"Wunder werden da jetzt nicht passieren“, sagt Bundeskanzlerin Angela Merkel am Ende, in ihrer unnachahmlich nüchternen Art. Mehr als fünf Stunden hat die Kanzlerin da mit den Ministerpräsidenten und der Pharmaindustrie übers Impfen gesprochen. Es könnte, mag mancher insgeheim vorher gedacht haben, alles viel einfacher sein und schneller gehen, wenn doch nur alle an einem Strang ziehen und der Massenimpfung den ersehnten Schub geben wollen.
Unsichere Liefertermine für den knappen Impfstoff, dauerbesetzte Termin-Hotlines und leer stehende Impfzentren sorgen nämlich seit Wochen für Zoff.
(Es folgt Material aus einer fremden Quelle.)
(* Let $t$ be an integer with $m=2t+1\geq 11$ and $n=2^m+1$. Put $\delta_1=\frac{n}{3}$, $\delta_2=\frac{n-3}{6}$, $\delta_3=\delta_2-2$, $\delta_4=\delta_2-8$, $\delta_5=\delta_2-10$. Then $\delta_1>\delta_2>\delta_3>\delta_4>\delta_5$ are respectively the first, second, third, fourth and fifth largest coset leaders modulo $n$ (i.e. they are coset leaders, and every integer $x$ with $\delta_5<x\leq n-1$ that is a coset leader belongs to $\{\delta_1,\delta_2,\delta_3,\delta_4\}$).
   Context: For $n=2^m+1$ and an integer $x$, the 2-cyclotomic coset of $x$ modulo $n$ is $C_x=\{x\cdot 2^{j} \bmod n : j\geq 0\}\subseteq\{0,1,\dots,n-1\}$. For $0\leq x\leq n-1$, "$x$ is a coset leader" means that $x$ is the smallest element of $C_x$. *)

theory Defs
  imports Main
begin

definition cyc_coset :: "nat \<Rightarrow> nat \<Rightarrow> nat set" where
  "cyc_coset n x = {(x * 2 ^ j) mod n | j. True}"

definition coset_leader :: "nat \<Rightarrow> nat \<Rightarrow> bool" where
  "coset_leader n x \<longleftrightarrow> x < n \<and> (\<forall>y \<in> cyc_coset n x. x \<le> y)"

end

theory Submission
  imports Defs
begin

text \<open>Write \<open>n = 2\<^sup>m + 1 = 3N\<close>. Since \<open>2\<^sup>m \<equiv> -1 (mod n)\<close>, every coset is closed under
  \<open>z \<mapsto> n - z\<close>; hence \<open>x\<close> is a leader exactly when its orbit under doubling stays in \<open>[x, n - x]\<close>.
  No \<open>x > N\<close> is a leader, since \<open>n - x\<close> or \<open>n - 2x\<close> is smaller, and no \<open>x \<in> (N/2, N)\<close> is one:
  its orbit would alternate between \<open>(N/2, N) \<union> (2N, 5N/2)\<close> and \<open>(N, 2N)\<close>, yet at the odd step
  \<open>m\<close> it reaches \<open>n - x \<in> (2N, 5N/2)\<close>. The four leaders below \<open>N\<close> are certified by following
  their orbits explicitly, and every other number in \<open>(\<delta>\<^sub>5, \<delta>\<^sub>2)\<close> by exhibiting a smaller
  element of its coset.\<close>

lemma mod_eqI_quotient: "r < n \<Longrightarrow> a = q * n + r \<Longrightarrow> a mod (n::nat) = r"
  by simp

lemma mult_pred_mod:
  fixes z n :: nat
  assumes "0 < z" "z < n"
  shows "z * (n - 1) mod n = n - z"
proof (rule mod_eqI_quotient[where q = "z - 1"])
  show "z * (n - 1) = (z - 1) * n + (n - z)"
    using assms by (cases z) (auto simp: algebra_simps diff_mult_distrib2)
qed (use assms in simp)

lemma mem_cyc_coset: "x * 2 ^ j mod n \<in> cyc_coset n x"
  by (auto simp: cyc_coset_def)

lemma mult_two_pow_mod_neg:
  fixes m n z :: nat
  assumes "2 ^ m + 1 = n" "0 < z" "z < n"
  shows "z * 2 ^ m mod n = n - z"
proof -
  have "2 ^ m = n - 1"
    using assms(1) by simp
  then show ?thesis
    using mult_pred_mod assms(2,3) by simp
qed

lemma cyc_coset_neg:
  fixes m n x z :: nat
  assumes n: "2 ^ m + 1 = n" and z: "z \<in> cyc_coset n x" "z \<noteq> 0"
  shows "n - z \<in> cyc_coset n x"
proof -
  obtain j where j: "z = x * 2 ^ j mod n"
    using z(1) by (auto simp: cyc_coset_def)
  have "x * 2 ^ (j + m) mod n = z * 2 ^ m mod n"
    by (simp add: j power_add mod_mult_left_eq mult.assoc)
  also have "\<dots> = n - z"
    using j z(2) n by (intro mult_two_pow_mod_neg) auto
  finally show ?thesis
    by (metis mem_cyc_coset)
qed

lemma cyc_coset_double:
  assumes "z \<in> cyc_coset n x"
  shows "2 * z mod n \<in> cyc_coset n x"
proof -
  obtain j where "z = x * 2 ^ j mod n"
    using assms by (auto simp: cyc_coset_def)
  then have "2 * z mod n = x * 2 ^ Suc j mod n"
    by (simp add: mod_mult_right_eq ac_simps)
  then show ?thesis
    by (metis mem_cyc_coset)
qed

lemma not_coset_leader_if_smaller: "z \<in> cyc_coset n x \<Longrightarrow> z < x \<Longrightarrow> \<not> coset_leader n x"
  unfolding coset_leader_def by (meson not_le)

lemma coset_leader_bounds:
  fixes m n x z :: nat
  assumes n: "2 ^ m + 1 = n" and x: "coset_leader n x" "0 < x" and z: "z \<in> cyc_coset n x"
  shows "x \<le> z \<and> z \<le> n - x"
proof -
  have "x \<le> z"
    using x(1) z by (auto simp: coset_leader_def)
  moreover have "z < n"
    using z n by (auto simp: cyc_coset_def)
  moreover have "x \<le> n - z"
    using x cyc_coset_neg[OF n z] \<open>x \<le> z\<close> by (auto simp: coset_leader_def)
  ultimately show ?thesis
    by linarith
qed

lemma not_coset_leader_by_negated_witness:
  fixes m n x j w :: nat
  assumes "2 ^ m + 1 = n" "x * 2 ^ j mod n = w" "0 < w" "n - w < x"
  shows "\<not> coset_leader n x"
  using assms cyc_coset_neg[OF assms(1) mem_cyc_coset[of x j n]]
  by (intro not_coset_leader_if_smaller[of "n - w"]) auto

lemma double_neg_mod:
  fixes n y :: nat
  assumes "odd n" "0 < y" "y < n"
  shows "2 * (n - y) mod n = n - 2 * y mod n"
proof (cases "2 * y < n")
  case True
  then show ?thesis
    using assms by (intro mod_eqI_quotient[where q = 1]) auto
next
  case False
  then have "n < 2 * y"
    using \<open>odd n\<close> by (metis dvd_triv_left linorder_neqE_nat)
  then have "2 * y mod n = 2 * y - n"
    using assms by (intro mod_eqI_quotient[where q = 1]) auto
  then show ?thesis
    using \<open>n < 2 * y\<close> assms by simp
qed

text \<open>Doubling commutes with negation modulo an odd \<open>n\<close>, so once the orbit of \<open>x\<close> reaches
  \<open>n - x\<close> it continues as the negation of what came before.\<close>
lemma coset_leader_by_invariant:
  fixes n x :: nat and P :: "nat set"
  assumes "x < n" "odd n" "x \<in> P"
    and bounds: "\<And>y. y \<in> P \<Longrightarrow> 0 < y \<and> y < n \<and> x \<le> y \<and> y \<le> n - x"
    and step: "\<And>y. y \<in> P \<Longrightarrow> 2 * y mod n \<in> P \<or> 2 * y mod n = n - x"
  shows "coset_leader n x"
proof -
  have orbit: "x * 2 ^ j mod n \<in> P \<union> (\<lambda>y. n - y) ` P" for j
  proof (induction j)
    case 0
    then show ?case
      using assms by simp
  next
    case (Suc j)
    have next_eq: "x * 2 ^ Suc j mod n = 2 * (x * 2 ^ j mod n) mod n"
      by (simp add: mod_mult_right_eq ac_simps)
    from Suc consider "x * 2 ^ j mod n \<in> P" | y where "y \<in> P" "x * 2 ^ j mod n = n - y"
      by blast
    then show ?case
    proof cases
      case 1
      then show ?thesis
        using step[OF 1] next_eq \<open>x \<in> P\<close> by auto
    next
      case (2 y)
      have "2 * (n - y) mod n = n - 2 * y mod n"
        using bounds[OF 2(1)] \<open>odd n\<close> by (intro double_neg_mod) auto
      then show ?thesis
        using step[OF 2(1)] 2 next_eq \<open>x \<in> P\<close> \<open>x < n\<close> by auto
    qed
  qed
  show ?thesis
    unfolding coset_leader_def cyc_coset_def using orbit bounds \<open>x < n\<close> by fastforce
qed

lemma chain_term_le:
  fixes N s k K :: nat
  assumes "k \<le> K" "2 * (s * 4 ^ K) \<le> N + s"
  shows "2 * (s * 4 ^ k) \<le> N + s"
proof -
  have "(4::nat) ^ k \<le> 4 ^ K"
    using assms(1) by (simp add: power_increasing)
  then have "s * 4 ^ k \<le> s * 4 ^ K"
    by (rule mult_le_mono2)
  then show ?thesis
    using assms(2) by linarith
qed

lemma double_mod_chain:
  fixes n N s k :: nat
  assumes "n = 3 * N" "0 < N"
  shows "2 * (N - s * 4 ^ k) mod n = 2 * N - 2 * (s * 4 ^ k)"
    and "2 * (s * 4 ^ Suc k) \<le> N + s \<Longrightarrow> 2 * (2 * N - 2 * (s * 4 ^ k)) mod n = N - s * 4 ^ Suc k"
proof -
  show "2 * (N - s * 4 ^ k) mod n = 2 * N - 2 * (s * 4 ^ k)"
    using assms by simp
  assume "2 * (s * 4 ^ Suc k) \<le> N + s"
  then have "8 * (s * 4 ^ k) \<le> N + s"
    by simp
  moreover have "s \<le> s * 4 ^ k"
    by simp
  ultimately have "4 * (s * 4 ^ k) \<le> N"
    by linarith
  then show "2 * (2 * N - 2 * (s * 4 ^ k)) mod n = N - s * 4 ^ Suc k"
    using assms by (intro mod_eqI_quotient[where q = 1]) auto
qed

text \<open>With \<open>N = n/3\<close> and \<open>x = (N - s)/2\<close>, the orbit of \<open>x\<close> runs through
  \<open>N - s 4\<^sup>k, 2N - 2s 4\<^sup>k\<close> for \<open>k = 0, 1, \<dots>\<close>; these stay in \<open>[x, n - x]\<close> as long as
  \<open>2s 4\<^sup>k \<le> N + s\<close>.\<close>
definition doubling_chain :: "nat \<Rightarrow> nat \<Rightarrow> nat \<Rightarrow> nat set" where
  "doubling_chain N s K = (\<Union>k \<le> K. {N - s * 4 ^ k, 2 * N - 2 * (s * 4 ^ k)})"

lemma doubling_chain_bounds:
  fixes n N x s K y :: nat
  assumes "n = 3 * N" "2 * x + s = N" "s < N" "2 * (s * 4 ^ K) \<le> N + s"
    and "y \<in> doubling_chain N s K"
  shows "0 < y \<and> y < n \<and> x \<le> y \<and> y \<le> n - x"
proof -
  obtain k where k: "k \<le> K" "y = N - s * 4 ^ k \<or> y = 2 * N - 2 * (s * 4 ^ k)"
    using assms(5) unfolding doubling_chain_def by blast
  define a where "a = s * 4 ^ k"
  have a: "s \<le> a" "2 * a \<le> N + s"
    unfolding a_def using chain_term_le[OF k(1) assms(4)] by simp_all
  from k(2) show ?thesis
  proof
    assume "y = N - s * 4 ^ k"
    then show ?thesis
      using a assms(1-3) unfolding a_def[symmetric] by linarith
  next
    assume "y = 2 * N - 2 * (s * 4 ^ k)"
    then show ?thesis
      using a assms(1-3) unfolding a_def[symmetric] by linarith
  qed
qed

lemma doubling_chain_double:
  fixes n N s K y :: nat
  assumes "n = 3 * N" "odd N" "2 * (s * 4 ^ K) \<le> N + s" "y \<in> doubling_chain N s K"
  shows "2 * y mod n \<in> doubling_chain N s K \<union> {2 * (2 * N - 2 * (s * 4 ^ K)) mod n}"
proof -
  have "0 < N"
    using assms(2) by (rule odd_pos)
  obtain k where k: "k \<le> K" "y = N - s * 4 ^ k \<or> y = 2 * N - 2 * (s * 4 ^ k)"
    using assms(4) unfolding doubling_chain_def by blast
  consider "y = N - s * 4 ^ k" | "y = 2 * N - 2 * (s * 4 ^ k)" "k < K" | "y = 2 * N - 2 * (s * 4 ^ K)"
    using k by fastforce
  then show ?thesis
  proof cases
    case 1
    then have "2 * y mod n = 2 * N - 2 * (s * 4 ^ k)"
      using double_mod_chain(1)[OF assms(1) \<open>0 < N\<close>] by simp
    then show ?thesis
      using k(1) unfolding doubling_chain_def by blast
  next
    case 2
    then have "2 * y mod n = N - s * 4 ^ Suc k"
      using double_mod_chain(2)[OF assms(1) \<open>0 < N\<close> chain_term_le[OF _ assms(3)]] by simp
    then show ?thesis
      using \<open>k < K\<close> unfolding doubling_chain_def by (auto simp del: power_Suc)
  next
    case 3
    then show ?thesis
      by simp
  qed
qed

lemma coset_leader_by_doubling_chain:
  fixes n N x s K :: nat and T :: "nat set"
  assumes n: "n = 3 * N" "odd N" and x: "2 * x + s = N" "s < N"
    and K: "2 * (s * 4 ^ K) \<le> N + s"
    and tail_start: "2 * (2 * N - 2 * (s * 4 ^ K)) mod n \<in> T \<union> {n - x}"
    and tail_bounds: "\<And>y. y \<in> T \<Longrightarrow> 0 < y \<and> y < n \<and> x \<le> y \<and> y \<le> n - x"
    and tail_step: "\<And>y. y \<in> T \<Longrightarrow> 2 * y mod n \<in> T \<union> {n - x}"
  shows "coset_leader n x"
proof (rule coset_leader_by_invariant[where P = "{x} \<union> doubling_chain N s K \<union> T"])
  show "x < n" "odd n" "x \<in> {x} \<union> doubling_chain N s K \<union> T"
    using x n by auto
next
  fix y assume "y \<in> {x} \<union> doubling_chain N s K \<union> T"
  then consider "y = x" | "y \<in> doubling_chain N s K" | "y \<in> T"
    by blast
  note y_cases = this
  then show "0 < y \<and> y < n \<and> x \<le> y \<and> y \<le> n - x"
  proof cases
    case 1
    then show ?thesis
      using x n by simp
  next
    case 2
    then show ?thesis
      by (rule doubling_chain_bounds[OF n(1) x K])
  next
    case 3
    then show ?thesis
      by (rule tail_bounds)
  qed
  from y_cases show "2 * y mod n \<in> {x} \<union> doubling_chain N s K \<union> T \<or> 2 * y mod n = n - x"
  proof cases
    case 1
    have "2 * x mod n = N - s * 4 ^ 0"
      using x n by simp
    then show ?thesis
      unfolding 1 doubling_chain_def by blast
  next
    case 2
    have "2 * y mod n \<in> doubling_chain N s K \<union> {2 * (2 * N - 2 * (s * 4 ^ K)) mod n}"
      using n K 2 by (rule doubling_chain_double)
    then show ?thesis
      using tail_start by auto
  next
    case 3
    then show ?thesis
      using tail_step by blast
  qed
qed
Die Bundestagswahl im September rückt auch näher. Die SPD warf Bundesgesundheitsminister Jens Spahn (CDU) jedenfalls schon vor Tagen vor, beim Impfen lange eher Dienst nach Vorschrift gemacht zu haben.
Jetzt ist der „Impfgipfel“ vorbei, und Berlins Regierender Bürgermeister, Michael Müller (SPD), muss einräumen: „Es bleiben angespannte Wochen, die vor uns liegen.“ Beeindruckt haben die Politiker wohl vor allem die Ausführungen der Hersteller, die für die umfangreichste Impfaktion der Republik aufs Tempo drücken –und doch nicht zu viel versprechen wollen.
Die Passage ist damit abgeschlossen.